Businesses have welcomed news of a surprise jump in consumer sentiment, as the number of optimists outweighs the number of pessimists for the first time in some months.
The Westpac–Melbourne Institute Index of Consumer Sentiment increased 4.2 percent from 97.1 in January to 101.1 in February.
According to Westpac chief economist Bill Evans, all components of the index increased for the month of February. How people assess their family finances improved and the sub-indexes tracking family finances compared to a year ago rose 7 percent and family finances over the next 12 months increased 2.6 percent.

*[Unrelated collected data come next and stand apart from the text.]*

text \<open>A maximiser \<open>w\<close> of the Rayleigh quotient is an eigenvector: the residual
  \<open>r = A w - \<mu> w\<close> is orthogonal to \<open>w\<close> and to the \<open>u a\<close>, and moving from \<open>w\<close> along \<open>r\<close> would
  increase the quotient to second order unless \<open>r = 0\<close>.\<close>

lemma eigenpair_of_rayleigh_max:
  assumes h: "hermitian_mat d A" and e: "\<forall>a<k. eigenpair d A (u a) (lam a)"
    and wW: "\<forall>a<k. cinner d (u a) w = 0" and nw: "sqnorm d w = 1"
    and wmax: "\<forall>v. (\<forall>a<k. cinner d (u a) v = 0) \<longrightarrow> Re (sesq d A v v) \<le> Re (sesq d A w w) * sqnorm d v"
  shows "eigenpair d A w (Re (sesq d A w w))"
proof -
  define \<mu> where "\<mu> = Re (sesq d A w w)"
  define r where "r = (\<lambda>i. mat_app d A w i - complex_of_real \<mu> * w i)"
  have rW: "\<forall>a<k. cinner d (u a) r = 0"
  proof (intro allI impI)
    fix a assume "a < k"
    then have "cinner d (u a) (mat_app d A w) = complex_of_real (lam a) * cinner d (u a) w"
      using e by (intro eigenpair_cinner[OF h]) simp
    then show "cinner d (u a) r = 0"
      unfolding r_def cinner_diff_right cinner_scale_right using wW \<open>a < k\<close> by simp
  qed
  have sesq_w: "sesq d A w w = complex_of_real \<mu>"
    using sesq_hermitian_swap[OF h, of w w] unfolding \<mu>_def by (simp add: complex_eq_iff)
  have rw: "cinner d r w = 0"
  proof -
    have "cinner d w r = 0"
      unfolding r_def cinner_diff_right cinner_scale_right
      using sesq_w nw by (simp add: sesq_eq_cinner cinner_self)
    then show ?thesis using cinner_swap[of d r w] by simp
  qed
  have sesq_rw: "sesq d A r w = complex_of_real (sqnorm d r)"
  proof -
    have "mat_app d A w = (\<lambda>i. r i + complex_of_real \<mu> * w i)" unfolding r_def by auto
    then show ?thesis
      unfolding sesq_eq_cinner by (simp add: cinner_add_right cinner_scale_right rw cinner_self)
  qed
  have "0 \<le> 2 * t * (- sqnorm d r) + t\<^sup>2 * (\<mu> * sqnorm d r - Re (sesq d A r r))" if "t > 0" for t
  proof -
    define v where "v = (\<lambda>i. w i + complex_of_real t * r i)"
    have "\<forall>a<k. cinner d (u a) v = 0"
      unfolding v_def cinner_add_right cinner_scale_right using wW rW by simp
    then have "Re (sesq d A v v) \<le> \<mu> * sqnorm d v" using wmax unfolding \<mu>_def by blast
    moreover have "Re (sesq d A v v) = \<mu> + 2 * t * sqnorm d r + t\<^sup>2 * Re (sesq d A r r)"
      unfolding v_def sesq_expand_Re[OF h] sesq_w sesq_rw by simp
    moreover have "sqnorm d v = 1 + t\<^sup>2 * sqnorm d r"
      unfolding v_def sqnorm_expand nw using rw cinner_swap[of d w r] by simp
    ultimately show ?thesis by (simp add: algebra_simps)
  qed
  then have "0 \<le> - sqnorm d r" by (rule nonneg_of_quadratic_nonneg)
  then have "sqnorm d r = 0" using sqnorm_nonneg[of d r] by linarith
  then show ?thesis
    unfolding eigenpair_def \<mu>_def[symmetric] using sqnorm_eq_0D unfolding r_def by fastforce
qed

lemma hermitian_orthonormal_eigenvectors:
  assumes h: "hermitian_mat d A" and "k \<le> d"
  shows "\<exists>u lam. orthonormal d k u \<and> (\<forall>a<k. eigenpair d A (u a) (lam a))"
  using \<open>k \<le> d\<close>
proof (induction k)
  case 0
  then show ?case unfolding orthonormal_def by auto
next
  case (Suc k)
  then obtain u lam where o: "orthonormal d k u" and e: "\<forall>a<k. eigenpair d A (u a) (lam a)" by auto
  obtain w where wW: "\<forall>a<k. cinner d (u a) w = 0" and nw: "sqnorm d w = 1"
    and unit_max: "\<forall>v. (\<forall>a<k. cinner d (u a) v = 0) \<longrightarrow> sqnorm d v = 1 \<longrightarrow> Re (sesq d A v v) \<le> Re (sesq d A w w)"
    using rayleigh_max_exists[OF o] Suc.prems by (metis Suc_le_lessD)
  have wmax: "\<forall>v. (\<forall>a<k. cinner d (u a) v = 0) \<longrightarrow> Re (sesq d A v v) \<le> Re (sesq d A w w) * sqnorm d v"
    using unit_max rayleigh_bound_of_unit_bound[of k d u A "Re (sesq d A w w)"] by blast
  have ew: "eigenpair d A w (Re (sesq d A w w))"
    by (rule eigenpair_of_rayleigh_max[OF h e wW nw wmax])
  have "orthonormal d (Suc k) (u(k := w))"
    unfolding orthonormal_def
  proof (intro allI impI)
    fix a b assume "a < Suc k" "b < Suc k"
    then consider "a = k" "b = k" | "a = k" "b < k" | "a < k" "b = k" | "a < k" "b < k"
      by linarith
    then show "cinner d ((u(k := w)) a) ((u(k := w)) b) = (if a = b then 1 else 0)"
      by cases (use nw wW o cinner_swap[of d w] in \<open>auto simp: cinner_self orthonormal_def\<close>)
  qed
  moreover have "\<forall>a<Suc k. eigenpair d A ((u(k := w)) a) ((lam(k := Re (sesq d A w w))) a)"
    using e ew by (auto simp: less_Suc_eq)
  ultimately show ?case by blast
qed

lemma orthonormal_completeness:
  assumes o: "orthonormal d d u" and i: "i < d" and j: "j < d"
  shows "(\<Sum>a<d. u a i * cnj (u a j)) = (if i = j then 1 else 0)"
proof -
  define U where "U = mat d d (\<lambda>(i,a). u a i)"
  define V where "V = mat d d (\<lambda>(a,i). cnj (u a i))"
  have U: "U \<in> carrier_mat d d" and V: "V \<in> carrier_mat d d" unfolding U_def V_def by auto
  have "V * U = 1\<^sub>m d"
  proof (rule mat_eq_entries)
    fix a b assume ab: "a < d" "b < d"
    have "(V * U) $$ (a,b) = (\<Sum>l<d. V $$ (a,l) * U $$ (l,b))" by (rule index_mult_mat_sum[OF V U ab])
    also have "\<dots> = cinner d (u a) (u b)"
      unfolding cinner_def U_def V_def using ab by (intro sum.cong) auto
    finally show "(V * U) $$ (a,b) = 1\<^sub>m d $$ (a,b)" using o ab unfolding orthonormal_def by simp
  qed (use U V in auto)
  then have "U * V = 1\<^sub>m d" using mat_mult_left_right_inverse[OF V U] by simp
  moreover have "(U * V) $$ (i,j) = (\<Sum>a<d. U $$ (i,a) * V $$ (a,j))" by (rule index_mult_mat_sum[OF U V i j])
  moreover have "\<dots> = (\<Sum>a<d. u a i * cnj (u a j))"
    unfolding U_def V_def using i j by (intro sum.cong) auto
  ultimately show ?thesis using i j by simp
qed

lemma eigenbasis_reconstruct:
  assumes o: "orthonormal d d u" and e: "\<forall>a<d. eigenpair d M (u a) (lam a)" and i: "i < d" and j: "j < d"
  shows "M $$ (i,j) = (\<Sum>a<d. complex_of_real (lam a) * u a i * cnj (u a j))"
proof -
  have "M $$ (i,j) = (\<Sum>l<d. M $$ (i,l) * (if l = j then 1 else 0))"
    unfolding sum_delta_mult using j by simp
  also have "\<dots> = (\<Sum>l<d. M $$ (i,l) * (\<Sum>a<d. u a l * cnj (u a j)))"
    using orthonormal_completeness[OF o _ j] by (intro sum.cong) auto
  also have "\<dots> = (\<Sum>a<d. mat_app d M (u a) i * cnj (u a j))"
    unfolding mat_app_def sum_distrib_left sum_distrib_right mult.assoc by (rule sum.swap)
  also have "\<dots> = (\<Sum>a<d. complex_of_real (lam a) * u a i * cnj (u a j))"
    using e i unfolding eigenpair_def by (intro sum.cong) auto
  finally show ?thesis .
qed

section \<open>Positive semidefinite square roots\<close>

definition spectral_sum :: "nat \<Rightarrow> (nat \<Rightarrow> nat \<Rightarrow> complex) \<Rightarrow> (nat \<Rightarrow> real) \<Rightarrow> complex mat" where
  "spectral_sum d u c = mat d d (\<lambda>(i,j). \<Sum>a<d. complex_of_real (c a) * u a i * cnj (u a j))"
lemma zero_in_chain_iff:
  assumes "c \<in> chains n k" "j < k"
  shows "0 \<in> set (c ! j) \<longleftrightarrow> j < zero_words k c"
proof -
  have "{j. j < k \<and> 0 \<in> set (c ! j)} = {..<zero_words k c}"
    unfolding zero_words_def
    by (rule down_closed_eq_lessThan) (auto intro: word_le_zero chain_word_le[OF assms(1)])
  then show ?thesis
    using assms(2) by blast
qed

section \<open>Appending a column to a chain\<close>

definition append_column :: "(nat \<Rightarrow> nat) \<Rightarrow> nat list list \<Rightarrow> nat list list" where
  "append_column x c = map (\<lambda>j. c ! j @ [x j]) [0..<length c]"

lemma length_append_column [simp]: "length (append_column x c) = length c"
  by (simp add: append_column_def)

lemma nth_append_column [simp]: "j < length c \<Longrightarrow> append_column x c ! j = c ! j @ [x j]"
  by (simp add: append_column_def)

lemma append_column_in_chains_iff:
  assumes "length c = k"
  shows "append_column x c \<in> chains (Suc n) k \<longleftrightarrow> c \<in> chains n k \<and>
    (\<forall>j<k. x j \<le> 2 \<and> (n = 0 \<longrightarrow> x j \<noteq> 2) \<and> (x j = 1 \<longrightarrow> 0 \<notin> set (c ! j))) \<and>
    (\<forall>j. Suc j < k \<longrightarrow> x j \<le> x (Suc j))"
proof -
  have words: "append_column x c ! j \<in> Tr (Suc n) \<longleftrightarrow> c ! j \<in> Tr n \<and>
      x j \<le> 2 \<and> (n = 0 \<longrightarrow> x j \<noteq> 2) \<and> (x j = 1 \<longrightarrow> 0 \<notin> set (c ! j))" if "j < k" for j
    using that assms by (simp add: Tr_def is_triword_snoc)
  have order: "word_le (append_column x c ! j) (append_column x c ! Suc j) \<longleftrightarrow>
      word_le (c ! j) (c ! Suc j) \<and> x j \<le> x (Suc j)"
    if "Suc j < k" "\<forall>j<k. c ! j \<in> Tr n" for j
  proof -
    have "length (c ! j) = length (c ! Suc j)"
      using that length_Tr by (metis Suc_lessD)
    then show ?thesis
      using that assms by (simp add: word_le_snoc)
  qed
  show ?thesis
    using assms words order by (auto simp: chains_def)
qed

Economic expectations also improved, with the sub-indexes tracking economic conditions over the next 12 months up 0.9 percent and economic conditions over the next 5 years rose 9.9 percent.
Views on whether now is a good time to buy a major household item also rose, by 1.8 percent.
Evans said the result appears strong, but the index still remains 5.2 percent below its year-ago level and 13.6 percent below its two year-ago level. It does however indicate some “lagged recognition” from consumers about the two Reserve Bank interest rate cuts in November and December.
“Other factors would have clearly supported an increase in confidence. News on the international scene had clearly improved since the survey in January. The average level of the Australian dollar jumped from USD1.03 during the survey in January to USD1.08,” Evans added.
Evans said he continues to believe lower interest rates are required, “and the best policy response is to move earlier rather than delay.”
Accordingly we retain our view that a move in March is likely while emphasising that developments in the domestic economy, particularly around the labour market, will eventually force the Bank’s hand even if they choose to defer in March”, Evans added.